Abstract

粗差发生时，L1范数估计求得的条件方程闭合差较最小二乘估计（LS）的残差更能集中反映粗差，从而有助于粗差的发现与定位。然而，存在一类观测值，虽然其具有粗差发现和定位能力，但在采用L1范数估计解决粗差探测问题时，无论含有多大量级粗差都不能准确定位，为叙述方便，称其为L1抗差性失效点（robustness failpoint in L1-norm estimation，RFP-L1）。显然，只有判定测量系统不存在RFP-L1，或存在时能够准确判断其是否含有粗差，才能保证基于L1的粗差探测结果的准确、可靠，此过程中，RFP-L1的识别是问题解决的基础。本文由条件方程，推导出观测值粗差对条件方程闭合差绝对值和的影响系数计算式，得到了最小影响系数大小与观测值是否为RFP-L1的判别关系，并探讨了存在RFP-L1的测量系统设计矩阵数值特点，提出了判断RFP-L1观测值的方法。

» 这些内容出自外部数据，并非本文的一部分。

(* Let $m$ be an even positive integer, $q=2^m$, and let $\{u_1,u_2,u_3\}$ be a $3$-element subset of $U_{q+1}$. Let $M_3$ be the $4\times3$ matrix whose $j$-th column is $(u_j^{-5},u_j^{-3},u_j^{3},u_j^{5})^T$. Then $\mathrm{rank}(M_3)=3$.
   Context: $U_{q+1}$ denotes the set of $(q+1)$-th roots of unity in $\mathrm{GF}(q^2)$; ranks are over $\mathrm{GF}(q^2)$. *)

theory Defs
  imports "HOL-Analysis.Analysis"
begin

definition roots_of_unity :: "nat \<Rightarrow> 'a::field set" where
  "roots_of_unity n = {x. x ^ n = 1}"

definition M3 :: "'a::field \<Rightarrow> 'a \<Rightarrow> 'a \<Rightarrow> 'a^3^4" where
  "M3 u1 u2 u3 = vector (map (\<lambda>e::int. vector [u1 powi e, u2 powi e, u3 powi e]) [-5, -3, 3, 5])"

end

theory Submission
  imports Defs
begin

(* Scaling column j by u_j^5 and putting z_j = u_j^2 turns the columns into (1, z_j, z_j^4, z_j^5);
   in characteristic 2 squaring is injective, so the z_j stay distinct. The 3x3 minors on the
   exponents 0,1,4 and 0,1,5 are the Vandermonde determinant times the complete homogeneous
   symmetric polynomials h_2 and h_3. If both vanished, then in characteristic 2 the cubic with
   roots z_1, z_2, z_3 would be (X - s)^3 with s = z_1 + z_2 + z_3, contradicting distinctness. *)

lemma of_nat_CARD_eq_0: "(of_nat CARD('a) :: 'a::{ring_1,finite}) = 0"
proof -
  have "(\<Sum>x\<in>(UNIV::'a set). x) = (\<Sum>x\<in>UNIV. x + 1)"
    by (rule sum.reindex_bij_witness[where i="\<lambda>x. x + 1" and j="\<lambda>x. x - 1"]) simp_all
  also have "\<dots> = (\<Sum>x\<in>(UNIV::'a set). x) + of_nat CARD('a)"
    by (simp add: sum.distrib)
  finally show ?thesis
    by simp
qed

lemma two_eq_zero_if_CARD_power_of_two:
  assumes "CARD('a::{field,finite}) = 2 ^ k" and "k > 0"
  shows "(2::'a) = 0"
proof -
  have "(2::'a) ^ k = 0"
    using of_nat_CARD_eq_0[where 'a='a] assms(1) by simp
  then show ?thesis
    by simp
qed

lemma square_eq_square_iff_char_2:
  fixes a b :: "'a::field"
  assumes "(2::'a) = 0"
  shows "a ^ 2 = b ^ 2 \<longleftrightarrow> a = b"
proof -
  have "(a - b) ^ 2 = a ^ 2 - b ^ 2 - 2 * b * (a - b)"
    by algebra
  then have "(a - b) ^ 2 = a ^ 2 - b ^ 2"
    using assms by simp
  then show ?thesis
    by auto
qed

definition complete_homogeneous_2 :: "'a \<Rightarrow> 'a \<Rightarrow> 'a \<Rightarrow> 'a::comm_ring_1" where
  "complete_homogeneous_2 x y z = x^2 + y^2 + z^2 + x*y + x*z + y*z"

definition complete_homogeneous_3 :: "'a \<Rightarrow> 'a \<Rightarrow> 'a \<Rightarrow> 'a::comm_ring_1" where
  "complete_homogeneous_3 x y z =
     x^3 + y^3 + z^3 + x^2*y + x^2*z + y^2*x + y^2*z + z^2*x + z^2*y + x*y*z"

lemma char_2_complete_homogeneous_2_3_eq_0_imp_eq:
  fixes x y z :: "'a::field"
  assumes "(2::'a) = 0"
    and "complete_homogeneous_2 x y z = 0" and "complete_homogeneous_3 x y z = 0"
  shows "x = y"
proof -
  define s where "s = x + y + z"
  \<comment> \<open>Expand \<open>(w - s)^3\<close> against the cubic with roots \<open>x, y, z\<close>: \<open>h\<^sub>2 = s^2 - e\<^sub>2\<close>, \<open>h\<^sub>3 = s^3 - 2 s e\<^sub>2 + e\<^sub>3\<close>.\<close>
  have cube: "(w - s) ^ 3 = (w - x) * (w - y) * (w - z)
      + complete_homogeneous_2 x y z * w + complete_homogeneous_3 x y z
      + 2 * (s^2 * w - s * w^2 - s^3 + s * (x*y + x*z + y*z))" for w
    unfolding s_def complete_homogeneous_2_def complete_homogeneous_3_def by algebra
  have "(x - s) ^ 3 = 0" and "(y - s) ^ 3 = 0"
    using cube[of x] cube[of y] assms by simp_all
  then show ?thesis
    by simp
qed

lemma char_2_power_sums_0_1_4_5_eq_0_imp_zero:
  fixes d1 d2 d3 z1 z2 z3 :: "'a::field"
  assumes "(2::'a) = 0" and "z1 \<noteq> z2" "z1 \<noteq> z3" "z2 \<noteq> z3"
    and sums: "\<And>k. k \<in> {0, 1, 4, 5} \<Longrightarrow> d1 * z1^k + d2 * z2^k + d3 * z3^k = 0"
  shows "d1 = 0 \<and> d2 = 0 \<and> d3 = 0"
proof -
  define S where "S k = d1 * z1^k + d2 * z2^k + d3 * z3^k" for k
  define V where "V = (z1 - z3) * (z2 - z3) * (z2 - z1)"
  have d3: "d3 = - d1 - d2"
    using sums[of 0] by (simp add: eq_neg_iff_add_eq_0 algebra_simps)
  \<comment> \<open>The left-hand sides are the minors on the exponents 0,1,4 and 0,1,5, up to the factor \<open>d1\<close>.\<close>
  have "d1 * V * complete_homogeneous_2 z1 z2 z3 = (z2^4 - z3^4) * S 1 - (z2 - z3) * S 4"
    unfolding d3 S_def V_def complete_homogeneous_2_def by algebra
  moreover have "d1 * V * complete_homogeneous_3 z1 z2 z3 = (z2^5 - z3^5) * S 1 - (z2 - z3) * S 5"
    unfolding d3 S_def V_def complete_homogeneous_3_def by algebra
  moreover have "S 1 = 0" "S 4 = 0" "S 5 = 0"
    using sums[of 1] sums[of 4] sums[of 5] unfolding S_def by simp_all
  moreover have "V \<noteq> 0"
    using assms(2-4) unfolding V_def by simp
  ultimately have "d1 = 0"
    using char_2_complete_homogeneous_2_3_eq_0_imp_eq[OF assms(1)] assms(2) by auto
  moreover have "d2 * (z2 - z3) = 0"
    using \<open>d1 = 0\<close> sums[of 1] d3 by (simp add: algebra_simps)
  ultimately show ?thesis
    using d3 assms(4) by simp
qed

lemma rank_eq_CARD_if_ker_trivial:
  fixes A :: "'a::field^'n^'m"
  assumes "\<And>x. A *v x = 0 \<Longrightarrow> x = 0"
  shows "rank A = CARD('n)"
proof -
  have "vec.span (rows A) = UNIV"
    using assms by (simp add: matrix_left_invertible_span_rows_gen [symmetric] matrix_left_invertible_ker)
  then show ?thesis
    by (metis row_rank_def_gen vec.dim_span vec_dim_card card_cart_basis)
qed

lemma vector_4 [simp]:
  "(vector [a, b, c, d] :: ('a::zero)^4) $ 1 = a"
  "(vector [a, b, c, d] :: ('a::zero)^4) $ 2 = b"
  "(vector [a, b, c, d] :: ('a::zero)^4) $ 3 = c"
  "(vector [a, b, c, d] :: ('a::zero)^4) $ 4 = d"
  unfolding vector_def by simp_all

lemma M3_mult_vector_eq_0_iff:
  "M3 u1 u2 u3 *v x = 0 \<longleftrightarrow>
    (\<forall>e \<in> {-5, -3, 3, 5}. x$1 * u1 powi e + x$2 * u2 powi e + x$3 * u3 powi e = 0)"
  by (simp add: M3_def matrix_vector_mult_def vec_eq_iff forall_4 sum_3 mult.commute)

lemma power_int_two_mult_diff:
  fixes u :: "'a::field"
  assumes "u \<noteq> 0"
  shows "u powi (2 * int k - int n) = inverse u ^ n * (u ^ 2) ^ k"
  using assms by (simp add: power_int_diff power_int_mult power_int_inverse field_simps flip: power_mult)

lemma rank_M3_char_2:
  fixes u1 u2 u3 :: "'a::field"
  assumes "(2::'a) = 0" and "u1 \<noteq> 0" "u2 \<noteq> 0" "u3 \<noteq> 0"
    and "u1 \<noteq> u2" "u1 \<noteq> u3" "u2 \<noteq> u3"
  shows "rank (M3 u1 u2 u3) = 3"
proof -
  have "x = 0" if "M3 u1 u2 u3 *v x = 0" for x
  proof -
    define d where "d j u = x$j * inverse u ^ 5" for j u
    have "d 1 u1 * (u1^2)^k + d 2 u2 * (u2^2)^k + d 3 u3 * (u3^2)^k = 0"
      if "k \<in> {0, 1, 4, 5}" for k
    proof -
      have "2 * int k - int 5 \<in> {-5, -3, 3, 5}"
        using that by auto
      then have "x$1 * u1 powi (2 * int k - int 5) + x$2 * u2 powi (2 * int k - int 5)
          + x$3 * u3 powi (2 * int k - int 5) = 0"
        using \<open>M3 u1 u2 u3 *v x = 0\<close> unfolding M3_mult_vector_eq_0_iff by blast
      then show ?thesis
        unfolding power_int_two_mult_diff[OF assms(2)] power_int_two_mult_diff[OF assms(3)]
          power_int_two_mult_diff[OF assms(4)] d_def
        by (simp add: ac_simps)
    qed
    moreover have "u1^2 \<noteq> u2^2" "u1^2 \<noteq> u3^2" "u2^2 \<noteq> u3^2"
      using assms square_eq_square_iff_char_2 by auto
    ultimately have "d 1 u1 = 0" "d 2 u2 = 0" "d 3 u3 = 0"
      using char_2_power_sums_0_1_4_5_eq_0_imp_zero[OF assms(1)] by blast+
    then show "x = 0"
      using assms(2-4) by (simp add: d_def vec_eq_iff forall_3)
  qed
  then show ?thesis
    using rank_eq_CARD_if_ker_trivial[of "M3 u1 u2 u3"] by simp
qed

theorem lemma16:
  fixes m :: nat and q :: nat and u1 u2 u3 :: "'a::{field,finite}"
  assumes "even m" and "m > 0" and "q = 2 ^ m"
    and "CARD('a) = q ^ 2"
    and "u1 \<in> roots_of_unity (q + 1)" and "u2 \<in> roots_of_unity (q + 1)"
    and "u3 \<in> roots_of_unity (q + 1)"
    and "u1 \<noteq> u2" and "u1 \<noteq> u3" and "u2 \<noteq> u3"
  shows "rank (M3 u1 u2 u3) = 3"
proof -
  have "(2::'a) = 0"
    using two_eq_zero_if_CARD_power_of_two[of "m * 2"] assms(2-4) by (simp add: power_mult)
  moreover have "u1 \<noteq> 0" "u2 \<noteq> 0" "u3 \<noteq> 0"
    using assms(5-7) by (auto simp: roots_of_unity_def)
  ultimately show ?thesis
    using rank_M3_char_2 assms(8-10) by blast
qed

end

仿真试验表明，最小影响系数反映了观测值粗差对L1范数估计目标函数的影响大小，非RFP-L1和RFP-L1的最小影响系数具有分别等于1和小于1的规律性，同时得出，若观测方程中系数矩阵只有±1和0，对应的观测量均不属于RFP-L1。

Alternate abstract:

The gross errors reflected in the corresponding closure errors of conditional equations obtained by L₁-norm estimation are more significant than those in LS residuals, and thereby, the former estimation is helpful for the gross error detection and location. Unfortunately, there is a kind of observations which have the ability to detect and locate gross errors, no matter how large the gross error is, but it cannot be accurately located in L₁-norm estimation. For convenience of discussion, such observation is called as Robustness Failpoint in L₁-norm estimation, RFP-L₁ for short. Obviously, only to meet such a premise, the results of gross error detection based on L₁-norm estimation can be accurate and reliable, i.e., it is ensured that there is no RFP-L₁ in the surveying system, or whether the RFP-L₁ contains gross error can be judged accurately. And in this process, the accurate identification of RFP-L₁ is the basis for solving the problem. From conditional equation, the calculation formula of influence coefficient which reflect the extent of the influence of gross error on corresponding closure errors of conditional equations is derived, and the distinguish relation of judging whether an observation is RFP-L₁ or not according to the value of least influence coefficient is formulated. Furthermore, the numerical characteristic of design matrix that might contain RFP-L₁ is explored. And at the end, a method of identifying RFP-L₁ is put forward. The simulation results show that the least influence coefficient reflects the influence of gross errors on the objective function of L₁-norm estimation, and the least influence coefficient of normal observation and RFP-L₁ have a significant regularity equal to one and less than one respectively. In addition, it can be concluded that there is no RFP-L₁ in the surveying system with design matrix containing only±1 and 0.